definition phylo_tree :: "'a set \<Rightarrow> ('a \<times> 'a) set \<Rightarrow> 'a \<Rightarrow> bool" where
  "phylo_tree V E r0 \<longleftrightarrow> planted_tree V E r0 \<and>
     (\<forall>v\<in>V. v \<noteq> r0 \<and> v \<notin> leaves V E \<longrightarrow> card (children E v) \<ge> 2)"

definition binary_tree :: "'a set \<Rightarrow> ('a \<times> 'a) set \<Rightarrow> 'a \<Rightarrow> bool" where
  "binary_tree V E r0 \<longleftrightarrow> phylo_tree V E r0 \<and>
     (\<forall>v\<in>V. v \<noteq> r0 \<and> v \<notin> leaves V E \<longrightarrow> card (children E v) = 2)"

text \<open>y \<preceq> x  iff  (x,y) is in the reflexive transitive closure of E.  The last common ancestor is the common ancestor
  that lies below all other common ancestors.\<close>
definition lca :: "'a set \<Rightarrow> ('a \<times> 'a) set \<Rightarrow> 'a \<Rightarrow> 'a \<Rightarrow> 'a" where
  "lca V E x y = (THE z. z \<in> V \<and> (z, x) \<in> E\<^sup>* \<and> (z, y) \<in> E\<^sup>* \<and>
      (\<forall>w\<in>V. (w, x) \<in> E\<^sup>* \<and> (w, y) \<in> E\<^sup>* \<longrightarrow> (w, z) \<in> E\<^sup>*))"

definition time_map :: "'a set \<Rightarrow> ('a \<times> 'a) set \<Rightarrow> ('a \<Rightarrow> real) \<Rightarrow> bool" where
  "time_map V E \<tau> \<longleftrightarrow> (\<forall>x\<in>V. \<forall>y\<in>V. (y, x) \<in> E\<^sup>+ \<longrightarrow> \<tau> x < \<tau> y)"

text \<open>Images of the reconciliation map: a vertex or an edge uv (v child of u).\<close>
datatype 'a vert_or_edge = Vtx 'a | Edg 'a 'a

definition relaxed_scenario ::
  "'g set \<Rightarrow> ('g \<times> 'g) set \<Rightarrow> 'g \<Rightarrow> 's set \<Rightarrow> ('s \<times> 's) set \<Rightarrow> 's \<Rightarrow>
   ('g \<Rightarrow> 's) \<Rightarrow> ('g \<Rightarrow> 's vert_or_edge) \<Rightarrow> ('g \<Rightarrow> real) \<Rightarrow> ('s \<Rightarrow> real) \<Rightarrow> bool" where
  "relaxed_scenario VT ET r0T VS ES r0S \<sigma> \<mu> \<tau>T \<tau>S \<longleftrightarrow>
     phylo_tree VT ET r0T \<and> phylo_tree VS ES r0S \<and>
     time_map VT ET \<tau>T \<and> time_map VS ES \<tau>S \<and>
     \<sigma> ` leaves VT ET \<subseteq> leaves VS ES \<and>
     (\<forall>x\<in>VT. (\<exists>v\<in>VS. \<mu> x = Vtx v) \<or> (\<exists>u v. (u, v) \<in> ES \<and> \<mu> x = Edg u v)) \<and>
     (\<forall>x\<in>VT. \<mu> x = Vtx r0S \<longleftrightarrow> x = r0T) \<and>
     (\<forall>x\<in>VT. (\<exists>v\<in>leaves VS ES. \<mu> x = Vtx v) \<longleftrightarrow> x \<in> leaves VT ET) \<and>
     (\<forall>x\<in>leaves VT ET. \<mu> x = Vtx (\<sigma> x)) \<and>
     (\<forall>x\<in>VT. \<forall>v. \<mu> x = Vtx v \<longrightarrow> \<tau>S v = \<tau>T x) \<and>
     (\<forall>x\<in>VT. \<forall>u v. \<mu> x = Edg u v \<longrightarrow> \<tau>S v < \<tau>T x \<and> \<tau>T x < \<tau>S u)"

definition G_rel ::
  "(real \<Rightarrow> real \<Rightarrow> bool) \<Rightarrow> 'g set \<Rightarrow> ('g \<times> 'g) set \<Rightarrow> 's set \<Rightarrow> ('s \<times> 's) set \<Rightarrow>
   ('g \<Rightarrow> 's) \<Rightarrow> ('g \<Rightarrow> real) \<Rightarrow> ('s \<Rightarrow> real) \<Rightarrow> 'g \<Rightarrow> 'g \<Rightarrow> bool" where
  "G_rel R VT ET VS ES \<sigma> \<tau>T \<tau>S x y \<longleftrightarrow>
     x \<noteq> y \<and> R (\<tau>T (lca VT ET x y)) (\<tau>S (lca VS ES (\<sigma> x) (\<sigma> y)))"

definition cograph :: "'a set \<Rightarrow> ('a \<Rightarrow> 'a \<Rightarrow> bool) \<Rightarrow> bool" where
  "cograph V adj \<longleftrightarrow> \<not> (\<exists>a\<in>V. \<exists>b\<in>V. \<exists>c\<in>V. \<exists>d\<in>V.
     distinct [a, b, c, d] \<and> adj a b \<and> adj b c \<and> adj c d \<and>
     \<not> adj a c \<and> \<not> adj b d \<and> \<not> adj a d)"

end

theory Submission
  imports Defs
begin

...

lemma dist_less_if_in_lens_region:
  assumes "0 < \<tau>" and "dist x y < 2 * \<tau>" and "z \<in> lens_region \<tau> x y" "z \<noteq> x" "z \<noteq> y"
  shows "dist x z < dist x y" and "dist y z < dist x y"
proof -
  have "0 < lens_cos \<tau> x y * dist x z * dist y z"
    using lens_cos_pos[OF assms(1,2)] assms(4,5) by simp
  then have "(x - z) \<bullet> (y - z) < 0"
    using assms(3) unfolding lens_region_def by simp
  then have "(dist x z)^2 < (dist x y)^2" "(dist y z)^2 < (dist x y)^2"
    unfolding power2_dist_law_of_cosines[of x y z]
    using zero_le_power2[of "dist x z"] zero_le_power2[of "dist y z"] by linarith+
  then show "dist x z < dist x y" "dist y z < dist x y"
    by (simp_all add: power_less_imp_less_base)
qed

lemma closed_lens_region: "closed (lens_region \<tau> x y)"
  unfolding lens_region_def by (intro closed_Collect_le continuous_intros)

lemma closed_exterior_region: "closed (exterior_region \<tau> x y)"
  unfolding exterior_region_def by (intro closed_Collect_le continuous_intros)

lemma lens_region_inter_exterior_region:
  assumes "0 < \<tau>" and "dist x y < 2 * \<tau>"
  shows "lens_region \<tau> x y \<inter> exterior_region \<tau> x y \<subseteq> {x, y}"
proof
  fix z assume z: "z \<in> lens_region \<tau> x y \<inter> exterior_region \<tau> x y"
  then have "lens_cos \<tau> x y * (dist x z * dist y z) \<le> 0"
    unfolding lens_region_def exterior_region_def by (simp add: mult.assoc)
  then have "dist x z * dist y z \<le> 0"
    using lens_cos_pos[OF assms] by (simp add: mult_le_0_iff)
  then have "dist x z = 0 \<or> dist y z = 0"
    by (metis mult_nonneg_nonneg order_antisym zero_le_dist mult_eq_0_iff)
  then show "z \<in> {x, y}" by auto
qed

--

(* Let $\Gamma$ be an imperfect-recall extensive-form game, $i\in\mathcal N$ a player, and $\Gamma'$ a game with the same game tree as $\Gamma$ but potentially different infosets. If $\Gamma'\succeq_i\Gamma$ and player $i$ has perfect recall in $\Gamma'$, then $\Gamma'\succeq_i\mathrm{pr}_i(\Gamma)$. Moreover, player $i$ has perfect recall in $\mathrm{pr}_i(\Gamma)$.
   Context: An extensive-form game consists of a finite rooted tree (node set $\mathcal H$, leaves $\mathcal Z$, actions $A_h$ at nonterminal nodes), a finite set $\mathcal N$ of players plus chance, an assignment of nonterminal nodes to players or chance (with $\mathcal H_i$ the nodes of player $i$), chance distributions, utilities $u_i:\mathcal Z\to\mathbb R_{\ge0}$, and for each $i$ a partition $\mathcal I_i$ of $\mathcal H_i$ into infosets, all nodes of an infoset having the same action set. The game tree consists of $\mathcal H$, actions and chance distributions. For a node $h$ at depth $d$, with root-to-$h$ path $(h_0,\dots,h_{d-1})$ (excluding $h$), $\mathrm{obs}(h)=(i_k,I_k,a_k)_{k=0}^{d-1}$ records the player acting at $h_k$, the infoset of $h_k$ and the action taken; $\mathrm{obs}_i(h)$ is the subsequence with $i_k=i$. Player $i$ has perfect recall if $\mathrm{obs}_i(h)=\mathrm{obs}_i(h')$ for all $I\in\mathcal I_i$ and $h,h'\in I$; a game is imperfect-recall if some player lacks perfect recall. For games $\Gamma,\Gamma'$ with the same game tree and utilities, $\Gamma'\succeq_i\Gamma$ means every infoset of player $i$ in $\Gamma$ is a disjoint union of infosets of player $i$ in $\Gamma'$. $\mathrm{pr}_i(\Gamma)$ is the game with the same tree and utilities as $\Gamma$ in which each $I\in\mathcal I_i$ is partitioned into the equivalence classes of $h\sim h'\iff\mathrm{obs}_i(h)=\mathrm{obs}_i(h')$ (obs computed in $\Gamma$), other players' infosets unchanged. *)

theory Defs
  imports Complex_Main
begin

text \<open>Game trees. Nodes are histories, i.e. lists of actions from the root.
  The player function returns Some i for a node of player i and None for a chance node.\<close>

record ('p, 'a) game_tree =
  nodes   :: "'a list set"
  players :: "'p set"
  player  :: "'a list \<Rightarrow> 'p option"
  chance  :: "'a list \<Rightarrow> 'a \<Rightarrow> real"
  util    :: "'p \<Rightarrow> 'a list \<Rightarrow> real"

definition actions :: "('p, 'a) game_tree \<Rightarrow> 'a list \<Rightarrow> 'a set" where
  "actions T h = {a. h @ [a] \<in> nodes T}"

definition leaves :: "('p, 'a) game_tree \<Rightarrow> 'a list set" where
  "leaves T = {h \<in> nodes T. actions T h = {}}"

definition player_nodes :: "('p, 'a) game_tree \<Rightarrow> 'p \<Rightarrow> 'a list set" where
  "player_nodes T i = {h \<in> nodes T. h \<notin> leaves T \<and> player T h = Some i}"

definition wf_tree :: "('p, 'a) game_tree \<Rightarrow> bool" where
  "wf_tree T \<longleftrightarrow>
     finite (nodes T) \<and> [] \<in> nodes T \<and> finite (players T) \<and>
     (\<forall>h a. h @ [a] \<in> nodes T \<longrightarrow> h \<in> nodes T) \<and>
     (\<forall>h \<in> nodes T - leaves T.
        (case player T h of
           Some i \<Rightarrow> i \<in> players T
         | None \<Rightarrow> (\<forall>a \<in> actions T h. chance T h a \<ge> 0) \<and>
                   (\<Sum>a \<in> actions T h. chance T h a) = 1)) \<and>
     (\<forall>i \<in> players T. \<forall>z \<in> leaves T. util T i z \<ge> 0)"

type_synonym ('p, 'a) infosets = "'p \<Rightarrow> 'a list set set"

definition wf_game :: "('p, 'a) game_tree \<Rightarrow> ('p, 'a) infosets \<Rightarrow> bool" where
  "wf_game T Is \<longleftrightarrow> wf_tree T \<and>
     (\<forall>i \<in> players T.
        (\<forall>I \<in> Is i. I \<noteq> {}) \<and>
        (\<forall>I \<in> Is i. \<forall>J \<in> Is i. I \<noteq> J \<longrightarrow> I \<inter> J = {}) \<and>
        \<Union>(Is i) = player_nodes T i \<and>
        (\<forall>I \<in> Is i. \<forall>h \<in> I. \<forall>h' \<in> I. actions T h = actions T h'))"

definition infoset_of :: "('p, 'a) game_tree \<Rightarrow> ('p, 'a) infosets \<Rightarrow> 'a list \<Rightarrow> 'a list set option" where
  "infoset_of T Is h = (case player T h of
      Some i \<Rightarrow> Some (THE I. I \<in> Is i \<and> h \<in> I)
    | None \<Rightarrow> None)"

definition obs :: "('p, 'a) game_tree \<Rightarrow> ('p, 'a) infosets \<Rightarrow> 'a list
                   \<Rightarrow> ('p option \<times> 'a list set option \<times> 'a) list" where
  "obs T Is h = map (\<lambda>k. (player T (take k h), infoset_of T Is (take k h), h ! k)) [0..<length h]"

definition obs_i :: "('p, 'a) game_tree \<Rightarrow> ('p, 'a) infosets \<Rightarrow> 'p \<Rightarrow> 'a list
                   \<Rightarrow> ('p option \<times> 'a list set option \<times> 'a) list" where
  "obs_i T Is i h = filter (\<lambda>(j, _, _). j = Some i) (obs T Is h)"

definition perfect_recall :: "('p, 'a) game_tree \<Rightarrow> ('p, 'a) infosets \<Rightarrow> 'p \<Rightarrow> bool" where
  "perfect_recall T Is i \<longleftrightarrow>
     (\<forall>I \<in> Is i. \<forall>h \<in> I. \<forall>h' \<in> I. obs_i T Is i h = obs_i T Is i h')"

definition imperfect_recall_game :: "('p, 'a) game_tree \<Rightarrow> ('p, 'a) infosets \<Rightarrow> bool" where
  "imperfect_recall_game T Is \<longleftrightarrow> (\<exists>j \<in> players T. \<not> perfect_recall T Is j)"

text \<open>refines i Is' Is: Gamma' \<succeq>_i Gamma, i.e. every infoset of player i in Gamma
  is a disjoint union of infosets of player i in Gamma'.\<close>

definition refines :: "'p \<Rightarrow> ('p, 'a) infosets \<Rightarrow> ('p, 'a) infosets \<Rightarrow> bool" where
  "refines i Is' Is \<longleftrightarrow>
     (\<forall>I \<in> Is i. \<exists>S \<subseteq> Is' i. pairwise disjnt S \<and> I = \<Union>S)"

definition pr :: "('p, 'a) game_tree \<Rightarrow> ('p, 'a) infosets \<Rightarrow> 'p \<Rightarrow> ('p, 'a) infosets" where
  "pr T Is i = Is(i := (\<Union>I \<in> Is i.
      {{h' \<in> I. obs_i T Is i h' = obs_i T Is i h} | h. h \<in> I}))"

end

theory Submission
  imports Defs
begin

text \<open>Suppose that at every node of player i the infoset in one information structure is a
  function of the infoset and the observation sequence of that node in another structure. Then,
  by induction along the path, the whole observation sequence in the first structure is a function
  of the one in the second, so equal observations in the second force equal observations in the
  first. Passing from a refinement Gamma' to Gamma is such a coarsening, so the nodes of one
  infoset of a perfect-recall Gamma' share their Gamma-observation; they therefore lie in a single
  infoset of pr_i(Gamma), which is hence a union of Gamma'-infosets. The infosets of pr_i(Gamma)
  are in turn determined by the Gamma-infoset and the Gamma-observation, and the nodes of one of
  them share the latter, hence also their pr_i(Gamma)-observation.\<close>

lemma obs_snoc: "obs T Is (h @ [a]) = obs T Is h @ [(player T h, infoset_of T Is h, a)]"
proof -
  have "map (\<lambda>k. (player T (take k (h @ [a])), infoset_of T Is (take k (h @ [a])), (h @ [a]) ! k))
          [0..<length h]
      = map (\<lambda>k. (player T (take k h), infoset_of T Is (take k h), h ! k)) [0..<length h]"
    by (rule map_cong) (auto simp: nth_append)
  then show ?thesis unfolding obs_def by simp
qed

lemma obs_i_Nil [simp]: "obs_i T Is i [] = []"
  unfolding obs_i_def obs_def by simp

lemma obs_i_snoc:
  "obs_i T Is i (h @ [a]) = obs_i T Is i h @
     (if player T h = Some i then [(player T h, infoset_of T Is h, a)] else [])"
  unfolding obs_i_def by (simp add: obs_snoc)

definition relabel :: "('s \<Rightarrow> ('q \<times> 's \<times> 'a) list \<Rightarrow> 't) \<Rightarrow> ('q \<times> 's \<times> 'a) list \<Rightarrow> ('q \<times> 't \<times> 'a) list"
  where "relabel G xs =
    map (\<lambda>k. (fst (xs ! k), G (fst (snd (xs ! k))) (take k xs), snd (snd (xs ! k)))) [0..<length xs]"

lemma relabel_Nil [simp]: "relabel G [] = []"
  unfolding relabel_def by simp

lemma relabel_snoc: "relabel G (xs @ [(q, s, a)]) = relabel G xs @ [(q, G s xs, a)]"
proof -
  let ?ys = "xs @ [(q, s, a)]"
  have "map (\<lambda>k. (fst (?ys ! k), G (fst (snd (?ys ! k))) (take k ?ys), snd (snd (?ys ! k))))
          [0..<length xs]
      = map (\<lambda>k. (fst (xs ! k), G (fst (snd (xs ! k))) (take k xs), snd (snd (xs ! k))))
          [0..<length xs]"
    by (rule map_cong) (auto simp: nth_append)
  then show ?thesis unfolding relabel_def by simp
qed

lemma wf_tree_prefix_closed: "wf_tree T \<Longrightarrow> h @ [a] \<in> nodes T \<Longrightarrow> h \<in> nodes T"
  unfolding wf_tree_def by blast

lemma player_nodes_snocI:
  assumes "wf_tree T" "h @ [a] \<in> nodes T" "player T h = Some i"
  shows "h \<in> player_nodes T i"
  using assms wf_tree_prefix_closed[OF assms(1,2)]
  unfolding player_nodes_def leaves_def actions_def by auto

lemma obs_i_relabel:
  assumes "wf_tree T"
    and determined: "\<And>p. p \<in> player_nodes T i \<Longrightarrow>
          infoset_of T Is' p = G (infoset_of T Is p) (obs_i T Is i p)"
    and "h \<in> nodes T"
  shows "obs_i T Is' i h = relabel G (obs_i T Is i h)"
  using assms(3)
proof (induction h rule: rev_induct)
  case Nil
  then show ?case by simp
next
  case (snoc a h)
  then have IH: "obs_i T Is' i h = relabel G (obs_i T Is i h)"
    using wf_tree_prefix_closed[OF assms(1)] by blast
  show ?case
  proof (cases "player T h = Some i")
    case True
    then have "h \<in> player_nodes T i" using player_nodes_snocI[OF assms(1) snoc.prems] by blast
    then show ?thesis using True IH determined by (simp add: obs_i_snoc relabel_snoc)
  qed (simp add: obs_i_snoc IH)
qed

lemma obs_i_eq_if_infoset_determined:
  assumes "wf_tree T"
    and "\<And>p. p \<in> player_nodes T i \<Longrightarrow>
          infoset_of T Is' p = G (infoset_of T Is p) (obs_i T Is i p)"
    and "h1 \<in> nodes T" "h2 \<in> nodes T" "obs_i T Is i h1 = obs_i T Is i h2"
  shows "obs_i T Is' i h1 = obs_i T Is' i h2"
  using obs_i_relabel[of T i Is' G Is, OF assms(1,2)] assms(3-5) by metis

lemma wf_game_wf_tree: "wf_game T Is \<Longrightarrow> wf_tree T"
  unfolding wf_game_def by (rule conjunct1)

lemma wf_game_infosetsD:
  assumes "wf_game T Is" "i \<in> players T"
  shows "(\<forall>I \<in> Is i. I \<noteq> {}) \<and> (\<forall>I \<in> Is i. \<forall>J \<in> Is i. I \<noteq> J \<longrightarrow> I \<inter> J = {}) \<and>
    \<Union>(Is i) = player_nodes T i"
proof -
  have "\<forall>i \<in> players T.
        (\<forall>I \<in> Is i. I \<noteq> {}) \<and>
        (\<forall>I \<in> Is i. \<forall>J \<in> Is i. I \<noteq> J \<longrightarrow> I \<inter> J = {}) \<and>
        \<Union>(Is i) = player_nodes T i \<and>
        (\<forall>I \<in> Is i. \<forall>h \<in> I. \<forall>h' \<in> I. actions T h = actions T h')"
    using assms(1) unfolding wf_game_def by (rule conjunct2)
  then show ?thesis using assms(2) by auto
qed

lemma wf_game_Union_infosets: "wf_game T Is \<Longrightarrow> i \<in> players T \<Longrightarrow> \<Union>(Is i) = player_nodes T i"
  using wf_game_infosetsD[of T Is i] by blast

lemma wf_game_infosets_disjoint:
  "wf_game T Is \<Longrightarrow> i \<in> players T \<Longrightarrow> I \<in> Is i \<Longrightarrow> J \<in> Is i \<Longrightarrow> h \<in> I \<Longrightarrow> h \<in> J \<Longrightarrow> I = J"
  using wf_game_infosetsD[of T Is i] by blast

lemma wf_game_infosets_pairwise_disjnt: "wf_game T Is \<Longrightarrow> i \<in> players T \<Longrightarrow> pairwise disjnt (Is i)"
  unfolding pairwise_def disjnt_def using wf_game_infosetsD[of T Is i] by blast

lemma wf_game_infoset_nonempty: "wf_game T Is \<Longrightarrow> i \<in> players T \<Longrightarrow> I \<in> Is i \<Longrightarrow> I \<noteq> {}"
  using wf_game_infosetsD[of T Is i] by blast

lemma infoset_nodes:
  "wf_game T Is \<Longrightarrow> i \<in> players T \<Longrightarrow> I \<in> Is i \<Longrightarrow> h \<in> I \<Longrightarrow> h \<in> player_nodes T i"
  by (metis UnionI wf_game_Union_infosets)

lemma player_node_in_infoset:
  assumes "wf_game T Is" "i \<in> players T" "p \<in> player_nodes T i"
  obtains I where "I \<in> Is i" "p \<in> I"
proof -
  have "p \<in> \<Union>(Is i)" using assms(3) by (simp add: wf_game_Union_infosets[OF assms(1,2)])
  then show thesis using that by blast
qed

◆ **About this exercise**
Take from the listing every line in which the word "blast" appears.

◆ **Answer to the exercise**
  unfolding wf_tree_def by blast
    using wf_tree_prefix_closed[OF assms(1)] by blast
    then have "h \<in> player_nodes T i" using player_nodes_snocI[OF assms(1) snoc.prems] by blast
  using wf_game_infosetsD[of T Is i] by blast
  using wf_game_infosetsD[of T Is i] by blast
  unfolding pairwise_def disjnt_def using wf_game_infosetsD[of T Is i] by blast
  using wf_game_infosetsD[of T Is i] by blast
  then show thesis using that by blast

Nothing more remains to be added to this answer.